Try it: Exactly as they appear, restate the lines of the material, from the first through the one containing "obtain r c where".

Dataset entries:
┌──

lemma row_offsets_spec:
  assumes M: "M \<in> spm n" and "a < n" "b < n"
  obtains c where "row_offsets n M a b < n" "c < n" "M (a*n + row_offsets n M a b) (b*n + c)"
proof -
  obtain r c where rc: "the_elem {(r,c). r < n \<and> c < n \<and> M (a*n + r) (b*n + c)} = (r,c)"
    by (cases "the_elem {(r,c). r < n \<and> c < n \<and> M (a*n + r) (b*n + c)}")
  then have "(r,c) \<in> {(r,c). r < n \<and> c < n \<and> M (a*n + r) (b*n + c)}"
    using spm_block(1)[OF assms] by simp
  moreover have "row_offsets n M a b = r"
    using row_offsets_eq[OF assms(2,3), of M] rc by simp
  ultimately show ?thesis
    using that by auto
qed

lemma row_offsets_in_perm_tuples:
  assumes M: "M \<in> spm n"
  shows "row_offsets n M \<in> perm_tuples n"
  unfolding perm_tuples_def
proof (rule PiE_I)
  fix a assume "a \<in> {..<n}"
  then have a: "a < n" by simp
  have "inj_on (row_offsets n M a) {..<n}"
  proof (rule inj_onI)
    fix b b' assume b: "b \<in> {..<n}" "b' \<in> {..<n}" and eq: "row_offsets n M a b = row_offsets n M a b'"
    obtain c c' where "c < n" "M (a*n + row_offsets n M a b) (b*n + c)"
      and "c' < n" "M (a*n + row_offsets n M a b) (b'*n + c')"
      using row_offsets_spec[OF M a] b eq by (metis lessThan_iff)
    then have "b*n + c = b'*n + c'"
      using spm_row_unique[OF M] by blast
    then show "b = b'"
      using block_index(2)[of b n c] block_index(2)[of b' n c'] b \<open>c < n\<close> \<open>c' < n\<close> by simp
  qed
  moreover have "row_offsets n M a b < n" if "b < n" for b
    using row_offsets_spec[OF M a that] by blast
  moreover have "row_offsets n M a b = b" if "\<not> b < n" for b
    using a that unfolding row_offsets_def by simp
  ultimately show "row_offsets n M a \<in> {p. p permutes {..<n}}"
    by (auto intro!: inj_imp_permutes)
next
  fix a assume "a \<notin> {..<n}"
  then show "row_offsets n M a = undefined"
    unfolding row_offsets_def by simp
qed

lemma spm_eq_spm_of_row_offsets:
  assumes M: "M \<in> spm n"
  shows "M = spm_of n (row_offsets n M) (row_offsets n (\<lambda>i j. M j i))"
proof (intro ext)
  fix i j
  have MT: "(\<lambda>i j. M j i) \<in> spm n"
    using spm_transpose[OF M] .
  show "M i j = spm_of n (row_offsets n M) (row_offsets n (\<lambda>i j. M j i)) i j"
  proof (cases "i < n\<^sup>2 \<and> j < n\<^sup>2")
    case True
    obtain a r where ar: "a < n" "r < n" "i = a*n + r"
      using less_square_cases True by blast
    obtain b c where bc: "b < n" "c < n" "j = b*n + c"
      using less_square_cases True by blast
    have "M (a*n + r) (b*n + c) \<longleftrightarrow> row_offsets n M a b = r \<and> row_offsets n (\<lambda>i j. M j i) b a = c"
    proof
      assume "M (a*n + r) (b*n + c)"
      then show "row_offsets n M a b = r \<and> row_offsets n (\<lambda>i j. M j i) b a = c"
        using row_offsets_eqI[OF M ar(1) bc(1) ar(2) bc(2)] row_offsets_eqI[OF MT bc(1) ar(1) bc(2) ar(2)]
        by blast
    next
      assume eq: "row_offsets n M a b = r \<and> row_offsets n (\<lambda>i j. M j i) b a = c"
      obtain c' where c': "c' < n" "M (a*n + r) (b*n + c')"
        using row_offsets_spec[OF M ar(1) bc(1)] eq by blast
      then have "row_offsets n (\<lambda>i j. M j i) b a = c'"
        using row_offsets_eqI[OF MT bc(1) ar(1) c'(1) ar(2)] by blast
      then show "M (a*n + r) (b*n + c)"
        using eq c' by blast
    qed
    then show ?thesis
      using spm_of_block[OF ar(1) bc(1) ar(2) bc(2)] ar(3) bc(3) by blast
  next
    case False
    then show ?thesis
      using M unfolding spm_def binmat_def spm_of_def by blast
  qed
qed

lemma bij_betw_spm_of: "bij_betw (\<lambda>(R,C). spm_of n R C) (perm_tuples n \<times> perm_tuples n) (spm n)"
proof (rule bij_betw_imageI)
  show "inj_on (\<lambda>(R,C). spm_of n R C) (perm_tuples n \<times> perm_tuples n)"
    by (auto simp: inj_on_def dest: spm_of_inj)
  have "M \<in> (\<lambda>(R,C). spm_of n R C) ` (perm_tuples n \<times> perm_tuples n)" if "M \<in> spm n" for M
  proof (rule image_eqI)
    show "M = (\<lambda>(R,C). spm_of n R C) (row_offsets n M, row_offsets n (\<lambda>i j. M j i))"
      unfolding prod.case by (rule spm_eq_spm_of_row_offsets[OF that])
    show "(row_offsets n M, row_offsets n (\<lambda>i j. M j i)) \<in> perm_tuples n \<times> perm_tuples n"
      using row_offsets_in_perm_tuples that spm_transpose by blast
  qed
  then show "(\<lambda>(R,C). spm_of n R C) ` (perm_tuples n \<times> perm_tuples n) = spm n"
    using spm_of_in_spm by (intro subset_antisym subsetI) auto
qed

lemma card_perm_tuples: "card (perm_tuples n) = fact n ^ n"
  unfolding perm_tuples_def by (simp add: card_PiE card_permutations)

lemma finite_perm_tuples: "finite (perm_tuples n)"
  unfolding perm_tuples_def by (simp add: finite_PiE finite_permutations)

lemma card_spm: "card (spm n) = fact n ^ (2 * n)"
  using bij_betw_same_card[OF bij_betw_spm_of[of n]]
  by (simp add: card_cartesian_product card_perm_tuples power_mult power2_eq_square[symmetric] mult.commute)

lemma finite_spm: "finite (spm n)"
  using bij_betw_finite[OF bij_betw_spm_of[of n]] finite_perm_tuples by simp

section \<open>Matrices disjoint from a fixed one\<close>

lemma disjoint_spm_of_iff:
  assumes "R \<in> perm_tuples n" "C \<in> perm_tuples n"
  shows "disjoint_mat (spm_of n R0 C0) (spm_of n R C)
     \<longleftrightarrow> (\<forall>a<n. \<forall>b<n. \<not> (R a b = R0 a b \<and> C b a = C0 b a))"
proof
  assume disj: "disjoint_mat (spm_of n R0 C0) (spm_of n R C)"
  show "\<forall>a<n. \<forall>b<n. \<not> (R a b = R0 a b \<and> C b a = C0 b a)"
  proof (intro allI impI notI)
    fix a b assume ab: "a < n" "b < n" and agree: "R a b = R0 a b \<and> C b a = C0 b a"
    note block = spm_of_block[OF ab perm_tuples_less[OF assms(1) ab] perm_tuples_less[OF assms(2) ab(2,1)]]
    have "spm_of n R C (a*n + R a b) (b*n + C b a)" "spm_of n R0 C0 (a*n + R a b) (b*n + C b a)"
      using block[of R C] block[of R0 C0] agree by simp_all
    then show False
      using disj unfolding disjoint_mat_def by blast
  qed
next
  assume "\<forall>a<n. \<forall>b<n. \<not> (R a b = R0 a b \<and> C b a = C0 b a)"
  moreover have "i div n < n" "j div n < n" if "i < n\<^sup>2" "j < n\<^sup>2" for i j
    using that by (simp_all add: power2_eq_square less_mult_imp_div_less)
  ultimately show "disjoint_mat (spm_of n R0 C0) (spm_of n R C)"
    unfolding disjoint_mat_def spm_of_def by metis
qed
(* Let $\Phi:\mathbb R^+\to\mathbb R$ be non-decreasing and concave with $\Phi(x)/x\to0$ as $x\to\infty$ and $\int_{\mathbb R}e^{-\Phi(|x|)}dx<\infty$. Assume that in a neighbourhood of $+\infty$, $\Phi$ is $\mathcal C^2$ and there exists $\theta>1$ such that $\Phi^\theta$ is convex. Let $d\mu_\Phi(x)=Z_\Phi^{-1}e^{-\Phi(|x|)}dx$ on $\mathbb R$. Then, with $\Phi'$ the right derivative, $$\lim_{t\to0}\frac{J_{\mu_\Phi}(t)}{t\,\Phi'\circ\Phi^{-1}(\log\frac1t)}=1.$$ Consequently, if $\Phi(0)<\log2$, then $L_\Phi(t)=\min(t,1-t)\,\Phi'\circ\Phi^{-1}\big(\log\frac{1}{\min(t,1-t)}\big)$ is defined on $[0,1]$ and there exist $k_1,k_2>0$ such that $k_1L_\Phi(t)\le J_{\mu_\Phi}(t)\le k_2L_\Phi(t)$ for all $t\in[0,1]$.
   Context: $F_\mu(x)=\mu((-\infty,x])$ and $J_\mu=F_\mu'\circ F_\mu^{-1}$ on $(0,1)$ (extended by $0$ at $0$ and $1$); $Z_\Phi$ is the normalizing constant. *)

theory Defs
  imports "HOL-Probability.Probability"
begin

definition Z_Phi :: "(real \<Rightarrow> real) \<Rightarrow> real" where
  "Z_Phi \<Phi> = (LINT x|lborel. exp (- \<Phi> \<bar>x\<bar>))"

definition mu_Phi :: "(real \<Rightarrow> real) \<Rightarrow> real measure" where
  "mu_Phi \<Phi> = density lborel (\<lambda>x. ennreal (exp (- \<Phi> \<bar>x\<bar>) / Z_Phi \<Phi>))"

definition J_of :: "real measure \<Rightarrow> real \<Rightarrow> real" where
  "J_of \<mu> t = (if 0 < t \<and> t < 1
      then deriv (cdf \<mu>) (inv_into UNIV (cdf \<mu>) t) else 0)"

definition rderiv :: "(real \<Rightarrow> real) \<Rightarrow> real \<Rightarrow> real" where
  "rderiv f x = (THE D. (f has_real_derivative D) (at_right x))"

definition Phi_inv :: "(real \<Rightarrow> real) \<Rightarrow> real \<Rightarrow> real" where
  "Phi_inv \<Phi> y = inv_into {0..} \<Phi> y"

definition C2_on :: "real set \<Rightarrow> (real \<Rightarrow> real) \<Rightarrow> bool" where
  "C2_on S f \<longleftrightarrow> (\<exists>f1 f2. (\<forall>x\<in>S. (f has_real_derivative f1 x) (at x)
      \<and> (f1 has_real_derivative f2 x) (at x)) \<and> continuous_on S f2)"

definition L_Phi :: "(real \<Rightarrow> real) \<Rightarrow> real \<Rightarrow> real" where
  "L_Phi \<Phi> t = min t (1 - t) * rderiv \<Phi> (Phi_inv \<Phi> (ln (1 / min t (1 - t))))"
lemma n0hat1_DU_minus_integral_bounds:
  fixes M :: "nat \<Rightarrow> (nat \<Rightarrow> real) measure"
  assumes product: "finite_product_prob_space M {..<b}" and s_max_pos: "0 < s_max b s"
    and rows_sets: "\<And>k. k < b \<Longrightarrow> sets (M k) = sets (Pi\<^sub>M {..<s k} (\<lambda>_. borel))"
    and null_unif: "\<And>k j. k < b \<Longrightarrow> j < s k \<Longrightarrow> H k j \<Longrightarrow>
                       distr (M k) borel (\<lambda>x. x j) = uniform_measure lborel {0..1}"
    and lam: "0 \<le> lam" "lam < 1"
  shows "\<And>i. i < b \<Longrightarrow> integrable (Pi\<^sub>M {..<b} M) (\<lambda>\<omega>. 1 / n0hat1 b s lam (DU_minus H i \<omega>))"
    and "(\<Sum>i<b. \<Sum>j<s i. (if H i j then 1 else 0)
            * integral\<^sup>L (Pi\<^sub>M {..<b} M) (\<lambda>\<omega>. 1 / n0hat1 b s lam (DU_minus H i \<omega>))) \<le> 1"
proof -
  interpret finite_product_prob_space M "{..<b}" by (rule product)
  define S where "S = real (s_max b s)"
  define y where "y = null_exceedances s H lam"
  define inv_shift where "inv_shift i \<omega> = 1 / (S + (\<Sum>k\<in>{..<b} - {i}. y k (\<omega> k)))" for i \<omega>
  have inv_est: "(\<lambda>\<omega>. 1 / n0hat1 b s lam (DU_minus H i \<omega>)) = (\<lambda>\<omega>. (1 - lam) * inv_shift i \<omega>)"
    if "i < b" for i
    using n0hat1_DU_minus[OF lam(1) that] by (simp add: inv_shift_def y_def S_def)
  have y_meas: "y k \<in> borel_measurable (M k)" if "k < b" for k
    using that rows_sets by (simp add: y_def null_exceedances_measurable)
  have E_y: "integral\<^sup>L (M k) (y k) = (\<Sum>j<s k. if H k j then 1 else 0) * (1 - lam)" if "k < b" for k
    using that lam rows_sets null_unif prob_space
    by (simp add: y_def integral_null_exceedances)
  have y_bounds: "0 \<le> y k x" "k < b \<Longrightarrow> y k x \<le> S" for k x
    using null_exceedances_bounds[of s H lam k x]
    by (auto simp: y_def S_def s_max_def intro: order_trans)
  have inv_shift_int: "integrable (Pi\<^sub>M {..<b} M) (inv_shift i)" for i
    unfolding inv_shift_def using y_meas y_bounds s_max_pos
    by (intro integrable_inverse_shift_sum_components) (auto simp: S_def)
  then show "integrable (Pi\<^sub>M {..<b} M) (\<lambda>\<omega>. 1 / n0hat1 b s lam (DU_minus H i \<omega>))" if "i < b" for i
    by (simp add: inv_est[OF that])
  have "(\<Sum>i<b. \<Sum>j<s i. (if H i j then 1 else 0)
          * integral\<^sup>L (Pi\<^sub>M {..<b} M) (\<lambda>\<omega>. 1 / n0hat1 b s lam (DU_minus H i \<omega>)))
      = (\<Sum>i<b. integral\<^sup>L (M i) (y i) * integral\<^sup>L (Pi\<^sub>M {..<b} M) (inv_shift i))"
    by (intro sum.cong) (simp_all add: inv_est E_y sum_distrib_right[symmetric] mult.assoc)
  also have "\<dots> \<le> 1"
    unfolding inv_shift_def using y_meas y_bounds s_max_pos
    by (intro sum_expectation_mult_inverse_others_le_1) (auto simp: S_def)
  finally show "(\<Sum>i<b. \<Sum>j<s i. (if H i j then 1 else 0)
          * integral\<^sup>L (Pi\<^sub>M {..<b} M) (\<lambda>\<omega>. 1 / n0hat1 b s lam (DU_minus H i \<omega>))) \<le> 1" .
qed

theorem mainTheorem2:
  fixes b :: nat and s :: "nat \<Rightarrow> nat" and H :: "nat \<Rightarrow> nat \<Rightarrow> bool"
    and M :: "nat \<Rightarrow> (nat \<Rightarrow> real) measure" and lam :: real
  assumes sizes: "\<And>i. i < b \<Longrightarrow> s i \<ge> 1"
    and n0: "n_true b s H \<ge> 1"
    and rows_prob: "\<And>i. i < b \<Longrightarrow> prob_space (M i)"
    and rows_sets: "\<And>i. i < b \<Longrightarrow> sets (M i) = sets (PiM {..<s i} (\<lambda>_. borel))"
    and null_unif: "\<And>i j. i < b \<Longrightarrow> j < s i \<Longrightarrow> H i j \<Longrightarrow>
                       distr (M i) borel (\<lambda>x. x j) = uniform_measure lborel {0..1}"
    and lam_lo: "(2 * real b + 3) powr (- 2 / (real b + 2)) \<le> lam"
    and lam_hi: "lam < 1"
  shows "property1 b s H M (n0hat1 b s lam)"
proof -
  have lam_nonneg: "0 \<le> lam"
    using order_trans[OF powr_ge_zero lam_lo] .
  have "0 < b"
    using n0 by (cases b) (auto simp: n_true_def)
  then have "s 0 \<le> s_max b s"
    by (auto simp: s_max_def)
  then have s_max_pos: "0 < s_max b s"
    using sizes[OF \<open>0 < b\<close>] by linarith
  text \<open>The product locale wants every factor, also those outside \<open>{..<b}\<close>, to be a
    probability space.\<close>
  define M' where "M' i = (if i < b then M i else count_space {undefined})" for i
  have M'_prob: "prob_space (M' i)" for i
    by (auto simp: M'_def rows_prob intro!: prob_spaceI)
  have product: "finite_product_prob_space M' {..<b}"
    by (simp add: finite_product_prob_space_def finite_product_sigma_finite_def
        product_prob_space_def product_prob_space_axioms_def product_sigma_finite_def
        finite_product_sigma_finite_axioms_def M'_prob prob_space_imp_sigma_finite)
  have DU: "DU_space b M = Pi\<^sub>M {..<b} M'"
    unfolding DU_space_def by (rule PiM_cong) (auto simp: M'_def)
  show ?thesis
    unfolding property1_def DU
    using n0hat1_coordwise_mono[OF lam_hi] lam_nonneg lam_hi s_max_pos rows_sets null_unif
      n0hat1_DU_minus_integral_bounds[OF product, of s H lam]
    by (simp add: M'_def)
qed

end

└──

Exercise solution:
lemma row_offsets_spec:
  assumes M: "M \<in> spm n" and "a < n" "b < n"
  obtains c where "row_offsets n M a b < n" "c < n" "M (a*n + row_offsets n M a b) (b*n + c)"
proof -
  obtain r c where rc: "the_elem {(r,c). r < n \<and> c < n \<and> M (a*n + r) (b*n + c)} = (r,c)"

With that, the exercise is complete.